Osaka, Japan – Researchers have uncovered a counterintuitive phenomenon in collision dynamics: high-speed particles bounce back from wet walls much more strongly than expected. Integrating experimental observations with advanced numerical simulations revealed that increasing the impact speed induces a morphological transition in the post-collision liquid film, shifting it from a bridge to a dome shape. Further, it clarified the relevance of cavitation to such a dramatic change and to the stronger bounce. The outcomes, published in the International Journal of Multiphase Flow, provide critical guidelines for predicting high-speed particle collisions on wet surfaces and pave the way for safer and optimized designs in applications such as next-generation aerospace and automotive rotors operating at higher speeds.

The coefficient of restitution (COR) is a fundamental metric taught in introductory physics that represents the amount of kinetic energy a particle retains after a collision. Upon bouncing off walls, a particle slows down because a portion of its kinetic energy is converted into sound, heat, and material deformation. The COR condenses these complex energy conversion processes into a single value, facilitating the understanding of collision phenomena in both science and engineering.

Understanding the COR is essential across a wide range of industries, such as in coating technologies for pharmaceuticals and food, as well as in heavy machinery exposed to destructive debris. Recently, the drive toward carbon neutrality has accelerated electrification in the aviation and automotive sectors through the adoption of ultra-fast motors. Consequently, the risk of internal component damage from high-speed debris has sharply increased. A common engineering countermeasure to prevent machine failures is to coat internal walls with a liquid film to cushion impacts. However, until now, the mechanical behavior and effects of these liquid films under high-speed impact conditions, typically reaching tens of meters per second, have remained unresolved.

The key outcomes of this research on high-speed particle collisions on wet surfaces are as follows:

50. Morphological transition of the liquid film: As impact speed increases, the shape of the post-collision liquid film changes from a stringy "bridge" into a "dome" that encapsulates the particle-wall gap.
50. Enhanced rebound at higher speeds: The COR ratio (relative to a collision against a perfectly dry wall) increases significantly upon the formation of the dome-shaped film.
50. Cavitation as the driving mechanism: Immediately after impact, the pressure within the particle-wall gap drops intensely. Once it falls below the saturated vapor pressure, a vapor cavity forms, giving rise to the dome shape.
50. Suppression of the attractive force: The formation of the vapor cavity drastically weakens the liquid attractive force, which pulls the rebounding particle back toward the wall. With less energy absorbed by the liquid, the braking effect is released, resulting in a stronger bounce.
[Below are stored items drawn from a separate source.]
lemma in_K_equality_case:
  assumes K: "in_K d r k" and d: "Suc d < 2 ^ Suc h" and "2 \<le> h"
    and eq: "bin_digit_sum r = h * s_vec d k"
  shows "1 \<le> l \<Longrightarrow> dot d k l v \<le> 1"
    and "finite {v. dot d k 1 v = 1}" and "card {v. dot d k 1 v = 1} = s_vec d k"
    and "bin_digit_sum (\<Sum>l=1..d. dot d k l v) = 0 \<or> bin_digit_sum (\<Sum>l=1..d. dot d k l v) = h"
proof -
  note tight = in_K_column_steps_tight [OF K d \<open>2 \<le> h\<close> eq]
  have "dot d k 1 v \<le> 1"
    unfolding dot_1_eq_card_column_steps by (rule tight(1))
  then show "1 \<le> l \<Longrightarrow> dot d k l v \<le> 1"
    using dot_le_dot_1 order_trans by blast
  show "finite {v. dot d k 1 v = 1}" and "card {v. dot d k 1 v = 1} = s_vec d k"
    using in_K_card_dot_1_eq_s_vec [OF K tight(1)] by simp_all
  show "bin_digit_sum (\<Sum>l=1..d. dot d k l v) = 0 \<or> bin_digit_sum (\<Sum>l=1..d. dot d k l v) = h"
    unfolding sum_dot_eq_Sum_column_steps tight(2) using tight(1) [of v] by (auto simp: le_Suc_eq)
qed

lemma less_power_nat_floor_log:
  fixes x :: real
  assumes "1 \<le> x"
  shows "x < 2 ^ nat \<lfloor>log 2 x + 1\<rfloor>"
proof -
  have "0 \<le> log 2 x"
    using assms by simp
  have "x = 2 powr log 2 x"
    using assms by simp
  also have "\<dots> < 2 powr of_int \<lfloor>log 2 x + 1\<rfloor>"
    using floor_correct [of "log 2 x + 1"] by simp
  also have "\<dots> = 2 ^ nat \<lfloor>log 2 x + 1\<rfloor>"
    using \<open>0 \<le> log 2 x\<close> by (simp add: powr_realpow [symmetric])
  finally show ?thesis .
qed

lemma ceiling_divide_le_of_le_mult:
  fixes a h s :: nat
  assumes "0 < h" and "a \<le> h * s"
  shows "real_of_int \<lceil>real a / real h\<rceil> \<le> real s"
proof -
  have "real a / real h \<le> real s"
    using assms by (simp add: divide_le_eq mult.commute flip: of_nat_mult)
  then have "\<lceil>real a / real h\<rceil> \<le> int s"
    by (simp add: ceiling_le_iff)
  then show ?thesis
    by linarith
qed

theorem lemma2p2:
  fixes g d h r :: nat and k :: "nat \<Rightarrow> nat"
  assumes "g \<ge> 3" and "d = 2 * g + 1"
    and "h = nat \<lfloor>log 2 (real g + 1) + 1\<rfloor>"
    and "r \<ge> 1" and "in_K d r k"
  shows "real_of_int \<lceil>real (bin_digit_sum r) / real h\<rceil> \<le> real (s_vec d k)
     \<and> (real (s_vec d k) = real (bin_digit_sum r) / real h \<longrightarrow> (
           (\<forall>l\<in>{1..d}. \<forall>v. dot d k l v = 0 \<or> dot d k l v = 1)
         \<and> (finite {v. dot d k 1 v = 1}
            \<and> real (card {v. dot d k 1 v = 1}) = real (bin_digit_sum r) / real h
            \<and> (\<forall>v. dot d k 1 v \<noteq> 1 \<longrightarrow> dot d k 1 v = 0))
         \<and> (\<forall>v. bin_digit_sum (\<Sum>l=1..d. dot d k l v) = 0
                \<or> bin_digit_sum (\<Sum>l=1..d. dot d k l v) = h)))"
proof -
  have "real (g + 1) < real (2 ^ h)"
    using less_power_nat_floor_log [of "real g + 1"] assms(3) by simp
  then have "g + 1 < 2 ^ h"
    by (simp only: of_nat_less_iff)
  \<comment> \<open>The only use of \<open>g \<ge> 3\<close> (\<open>g \<ge> 1\<close> would do).\<close>
  then have d: "Suc d < 2 ^ Suc h" and "2 \<le> h"
    using assms(1,2) power_less_imp_less_exp [of "2::nat" 2 h] by simp_all
  have le: "bin_digit_sum r \<le> h * s_vec d k"
    using assms(5) d by (rule in_K_bin_digit_sum_le_mult_s_vec)
  show ?thesis
  proof (intro conjI impI allI ballI)
    show "real_of_int \<lceil>real (bin_digit_sum r) / real h\<rceil> \<le> real (s_vec d k)"
      using \<open>2 \<le> h\<close> le by (intro ceiling_divide_le_of_le_mult) simp_all
    assume eq: "real (s_vec d k) = real (bin_digit_sum r) / real h"
    then have "bin_digit_sum r = h * s_vec d k"
      using \<open>2 \<le> h\<close> by (simp add: field_simps flip: of_nat_mult)
    note box = in_K_equality_case [OF assms(5) d \<open>2 \<le> h\<close> this]
    fix l v
    show "l \<in> {1..d} \<Longrightarrow> dot d k l v = 0 \<or> dot d k l v = 1"
      using box(1) [of l v] by auto
    show "finite {v. dot d k 1 v = 1}"
      and "real (card {v. dot d k 1 v = 1}) = real (bin_digit_sum r) / real h"
      using box(2,3) eq by simp_all
    show "dot d k 1 v \<noteq> 1 \<Longrightarrow> dot d k 1 v = 0"
      using box(1) [of 1 v] by simp
    show "bin_digit_sum (\<Sum>l=1..d. dot d k l v) = 0 \<or> bin_digit_sum (\<Sum>l=1..d. dot d k l v) = h"
      by (rule box(4))
  qed
qed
“Although particle collisions on wet walls have been extensively studied, this research focused on high-speed collisions and identified phenomena that differ from those reported in previous literature.” says Hironori Hashimoto, the lead author of the study. He affirmed, “Despite the conceptual simplicity of collisions, the dynamics of the liquid film and the subsequent modification of the particle motion are highly nontrivial. Integrating experimental observations with numerical simulations, we elucidated the mechanisms underlying these complex phenomena. We shall continue our research based on these findings and further improve the performance and safety of industrial equipment.”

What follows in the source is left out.